But they did let me, a young engineer, convert them from SCCS to CVS, so yay!
I used sccs on Sun workstations back in the 1990s. It wasn’t terrible but if you had more than a few team members then chasing people to check their code in for a build was painful and sometimes you’d hit a point where the project wouldn’t compile because of incompatible changes.
We switched to PVCS which made it easier to have isolated work spaces, plus a bunch of scripts to build those so developers could effectively emulate feature branches. Merging was a bit painful but at least you could work without holding other people up.
I’ve used other tools since but git is damn good compared to those older tools. I do miss being able to embed version strings but in reality tagging is superior if you have disciplined release control.
I used SCCS for a short period before finding RCS. IIRC the commands were a bit different and the files SCCS managed were larger. I also think SCCS had something similar to $Id$, but forgot what it was. Of course I could be miss-remembering.
I also ran across SCCS for Linux somewhere, I forgot where I saw it. Maybe you can look for it and play with it.
> arguable it took the rise of Git and Github for them to be used nearly everywhere.
This is fairly accurate according to my experience. It seemed absolutely crazy to me when I started computer science at uni in the early 2000s that nobody was using version control. It wasn't even mentioned as a thing we might want to look into. I had to go and look for something and found SVN. I ran my own server and thought it would be perfect for when we had a group piece of work, but I was unable to convince the rest of the group to install the weird software and cooperate. By '09 I'd discovered git and it was a breath of fresh air.

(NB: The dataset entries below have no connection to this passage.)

definition Tk :: "nat \<Rightarrow> ('a, 'r) struc \<Rightarrow> ('a plist, 'r) struc" where
  "Tk k A = \<lparr> univ = {s. s \<noteq> [] \<and> set s \<subseteq> univ A \<times> {1..k}},
              rels = (\<lambda>R. {ss. (\<forall>s\<in>set ss. s \<noteq> [] \<and> set s \<subseteq> univ A \<times> {1..k})
                           \<and> (\<forall>s\<in>set ss. \<forall>t\<in>set ss. prefix s t \<or> prefix t s)
                           \<and> map eps_T ss \<in> rels A R
                           \<and> pebble_ok ss}) \<rparr>"

definition Tmap :: "('a \<Rightarrow> 'b) \<Rightarrow> 'a plist \<Rightarrow> 'b plist" where
  "Tmap f s = map (\<lambda>(a, p). (f a, p)) s"

definition delta_T :: "'a plist \<Rightarrow> 'a plist plist" where
  "delta_T s = map (\<lambda>i. (take (Suc i) s, snd (s!i))) [0..<length s]"

definition basic :: "nat \<Rightarrow> 'a plist \<Rightarrow> bool" where
  "basic n s \<longleftrightarrow> length s \<le> n \<and> distinct (map snd s)"

definition lbp :: "nat \<Rightarrow> 'a plist \<Rightarrow> nat" where
  "lbp n s = Max {m. m \<le> length s \<and> basic n (take m s)}"

text \<open>S_n, computed with fuel (length of the list); for n \<ge> 1 the fuel never runs out
  before a basic list is reached, so this coincides with the recursive definition.\<close>
fun S_fuel :: "nat \<Rightarrow> nat \<Rightarrow> 'a plist \<Rightarrow> 'a plist list" where
  "S_fuel 0 n s = [s]"
| "S_fuel (Suc f) n s =
     (if basic n s then [s] else take (lbp n s) s # S_fuel f n (drop (lbp n s) s))"

definition S :: "nat \<Rightarrow> 'a plist \<Rightarrow> 'a plist list" where
  "S n s = S_fuel (length s) n s"

definition alpha :: "nat \<Rightarrow> 'a plist \<Rightarrow> nat \<Rightarrow> 'a plist list" where
  "alpha n s p = (let L = S n s; s' = last L in
                  if length s' = n \<or> p \<in> snd ` set s' then L else butlast L)"

definition approx :: "nat \<Rightarrow> 'a plist \<Rightarrow> 'a plist \<Rightarrow> bool" where
  "approx n x y \<longleftrightarrow> fst (last x) = fst (last y)
       \<and> alpha n (butlast x) (snd (last x)) = alpha n (butlast y) (snd (last y))"

definition qcls :: "nat \<Rightarrow> nat \<Rightarrow> ('a, 'r) struc \<Rightarrow> 'a plist \<Rightarrow> 'a plist set" where
  "qcls n k A s = {t \<in> univ (Tk k A). approx n s t}"

definition H :: "nat \<Rightarrow> nat \<Rightarrow> ('a, 'r) struc \<Rightarrow> ('a plist set, 'r) struc" where
  "H n k A = \<lparr> univ = qcls n k A ` univ (Tk k A),
               rels = (\<lambda>R. map (qcls n k A) ` rels (Tk k A) R) \<rparr>"

definition Hmap :: "nat \<Rightarrow> nat \<Rightarrow> ('b, 'r) struc \<Rightarrow> ('a \<Rightarrow> 'b) \<Rightarrow> 'a plist set \<Rightarrow> 'b plist set" where
  "Hmap n k B f c = qcls n k B (Tmap f (SOME s. s \<in> c))"

definition epsH :: "'a plist set \<Rightarrow> 'a" where
  "epsH c = eps_T (SOME s. s \<in> c)"
lemma cong_square_minus_one_unique:
  fixes p a b :: nat
  assumes "prime p" "2 * a < p" "2 * b < p"
    and "[int a ^ 2 = -1] (mod int p)" "[int b ^ 2 = -1] (mod int p)"
  shows "a = b"
proof -
  have "int p dvd int a ^ 2 - int b ^ 2"
    using cong_trans[OF assms(4) cong_sym[OF assms(5)]] by (simp add: cong_iff_dvd_diff)
  also have "int a ^ 2 - int b ^ 2 = (int a - int b) * (int a + int b)"
    by (simp add: power2_eq_square algebra_simps)
  finally have "int p dvd int a - int b \<or> int p dvd int a + int b"
    using assms(1) by (simp add: prime_dvd_mult_iff)
  then show ?thesis
  proof
    assume "int p dvd int a - int b"
    then have "[a = b] (mod p)" by (simp add: cong_iff_dvd_diff flip: cong_int_iff)
    then show ?thesis using assms(2,3) cong_less_modulus_unique_nat by auto
  next
    assume dvd: "int p dvd int a + int b"
    have "a \<noteq> 0"
    proof
      assume "a = 0"
      then have "int p dvd 1" using assms(4) by (simp add: cong_iff_dvd_diff)
      then show False using assms(1) by simp
    qed
    then show ?thesis using zdvd_imp_le[OF dvd] assms(2,3) by linarith
  qed
qed

lemma cong_square_minus_one_imp_cong_1_mod_4:
  fixes p h x :: nat
  assumes "prime p" "p = 2 * h + 1" "[int x ^ 2 = -1] (mod int p)"
  shows "[p = 1] (mod 4)"
proof -
  have "\<not> p dvd x"
  proof
    assume "p dvd x"
    then have "int p dvd int x ^ 2" by (simp add: power2_eq_square)
    then have "int p dvd 1" using cong_dvd_iff[OF assms(3)] by simp
    then show False using assms(1) by simp
  qed
  then have "[x ^ (p - 1) = 1] (mod p)" using fermat_theorem[OF assms(1)] by blast
  then have "[(int x ^ 2) ^ h = 1] (mod int p)"
    using assms(2) by (metis cong_int_iff of_nat_1 of_nat_power power_mult add_diff_cancel_right')
  moreover have "[(int x ^ 2) ^ h = (-1) ^ h] (mod int p)" using assms(3) by (rule cong_pow)
  ultimately have "[(-1) ^ h = (1::int)] (mod int p)" by (metis cong_sym cong_trans)
  moreover have "\<not> int p dvd 2" using prime_gt_1_nat[OF assms(1)] assms(2) by (auto dest: zdvd_imp_le)
  ultimately have "even h" by (cases "even h") (auto simp: cong_iff_dvd_diff)
  then show ?thesis using assms(2) by (auto simp: cong_def elim: evenE)
qed

lemma dfact_double: "dfact (2 * n) = 2 ^ n * fact n"
  by (induction n) (simp_all add: algebra_simps)

lemma two_power_half_cong:
  assumes "prime p" "p = 2 * h + 1"
  shows "[(2::int) ^ h = (-1) ^ (h - h div 2)] (mod int p)"
proof -
  have p_gt_2: "p > 2" using prime_ge_2_nat[OF assms(1)] assms(2) by auto
  have "\<not> int p dvd 2" using p_gt_2 by (auto dest: zdvd_imp_le)
  then interpret GAUSS p 2 using assms(1) p_gt_2 by unfold_locales (auto simp: cong_0_iff)
  have half: "(int p - 1) div 2 = int h" using assms(2) by simp
  have "C = (\<lambda>x. x * 2 mod int p) ` {0<..int h}"
    unfolding C_def B_def A_def half by (simp add: image_image)
  also have "\<dots> = (\<lambda>x. x * 2) ` {0<..int h}"
    using assms(2) by (intro image_cong) auto
  finally have "E = (\<lambda>x. x * 2) ` {int (h div 2) + 1..int h}"
    unfolding E_def half by (auto simp: image_iff)
  then have "card E = h - h div 2"
    by (simp add: card_image inj_on_def)
  then show ?thesis using pre_gauss_lemma half by simp
qed

definition half_small_inv :: "nat \<Rightarrow> nat set" where
  "half_small_inv p = {j. 1 \<le> j \<and> 2 * j < p \<and> 2 * modinv p j < p}"
lemma a_comp_d:
  assumes "\<And>m. 1 \<le> m \<Longrightarrow> a (w m) = P * a (b m) + Q * a m + R * (2 * x m - 1)"
    and "1 \<le> n"
  shows "a (w (d n)) = (2 * P + Q) * a (b n) + (P + Q) * a n + (P + Q - R) * (2 * x n - 1)"
proof -
  have "a (w (d n)) = P * a (b (d n)) + Q * a (d n) + R * (2 * x (d n) - 1)"
    using assms(1)[OF d_pos[OF assms(2)]] .
  then show ?thesis
    unfolding a_x_b_d_identities(2,3,5)[OF assms(2)] by (simp add: algebra_simps)
qed

lemma Crev_Cons_LB: "Crev (LB # w) = int (fib (nb w + 2 * nd w)) + Crev w"
  by (cases w) (simp_all add: nb_def nd_def)

lemma Crev_Cons_LD: "Crev (LD # w) = int (fib (nb w + 2 * nd w + 1)) - Crev w"
  by (cases w) (simp_all add: nb_def nd_def)

lemma C_snoc_LB: "C (v @ [LB]) = int (fib (nb v + 2 * nd v)) + C v"
  unfolding C_def by (simp add: Crev_Cons_LB nb_def nd_def)

lemma C_snoc_LD: "C (v @ [LD]) = int (fib (nb v + 2 * nd v + 1)) - C v"
  unfolding C_def by (simp add: Crev_Cons_LD nb_def nd_def)

lemma word_fun_snoc: "word_fun (v @ [c]) n = word_fun v (letter_fun c n)"
  by (induction v) auto

text \<open>The coefficient \<open>fib (k + 1) - fib k\<close> of \<open>a n\<close> equals \<open>fib (k - 1)\<close> for
  \<open>k \<ge> 1\<close> and is \<open>1\<close> for \<open>k = 0\<close>, so the empty word can serve as the induction base.\<close>
lemma a_word_fun:
  "1 \<le> n \<Longrightarrow> a (word_fun u n) = int (fib (nb u + 2 * nd u)) * a (b n)
     + (int (fib (Suc (nb u + 2 * nd u))) - int (fib (nb u + 2 * nd u))) * a n
     + C u * (2 * x n - 1)"
proof (induction u arbitrary: n rule: rev_induct)
  case Nil
  then show ?case by (simp add: C_def nb_def nd_def)
next
  case (snoc c v)
  define k where "k = nb v + 2 * nd v"
  have fib_k: "int (fib (k + 2)) = int (fib (k + 1)) + int (fib k)"
    by (simp add: fib_plus_2)
  show ?case
  proof (cases c)
    case LB
    have "nb (v @ [c]) + 2 * nd (v @ [c]) = k + 1"
      unfolding k_def LB by (simp add: nb_def nd_def)
    then show ?thesis
      using a_comp_b[OF snoc.IH snoc.prems] fib_k
      unfolding LB word_fun_snoc C_snoc_LB k_def[symmetric] by (simp add: algebra_simps)
  next
    case LD
    have "int (fib (k + 3)) = int (fib (k + 2)) + int (fib (k + 1))"
      by (simp add: eval_nat_numeral)
    moreover have "nb (v @ [c]) + 2 * nd (v @ [c]) = k + 2"
      unfolding k_def LD by (simp add: nb_def nd_def)
    ultimately show ?thesis
      using a_comp_d[OF snoc.IH snoc.prems] fib_k
      unfolding LD word_fun_snoc C_snoc_LD k_def[symmetric] by (simp add: algebra_simps)
  qed
qed

theorem theorem23:
  fixes u :: "letter list" and i j n :: nat
  assumes "u \<noteq> []" and "i = nb u" and "j = nd u" and "1 \<le> n"
  shows "a (word_fun u (int n)) =
           int (fib (i + 2 * j)) * a (b (int n))
         + int (fib (i + 2 * j - 1)) * a (int n)
         + C u * (2 * x (int n) - 1)"
proof -
  obtain c w where "u = c # w" using assms(1) by (cases u) auto
  then have "1 \<le> i + 2 * j"
    using assms(2,3) by (cases c) (simp_all add: nb_def nd_def)
  then have "int (fib (Suc (i + 2 * j))) - int (fib (i + 2 * j)) = int (fib (i + 2 * j - 1))"
    using fib_Suc_eq_add_pred by simp
  then show ?thesis
    using a_word_fun[of "int n" u] assms(2-4) by simp
qed

end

> SCCS stored each version’s delta along with metadata ... In principle, it is how most version control systems work today.
I think this is one of the most misleading and confusing things people seem to get taught about version control systems. Whether they store deltas or not underneath is actually an irrelevant implementation detail. But surely it's easier to think of version control systems as storing version? It's right there in the name! It's not called a delta control system.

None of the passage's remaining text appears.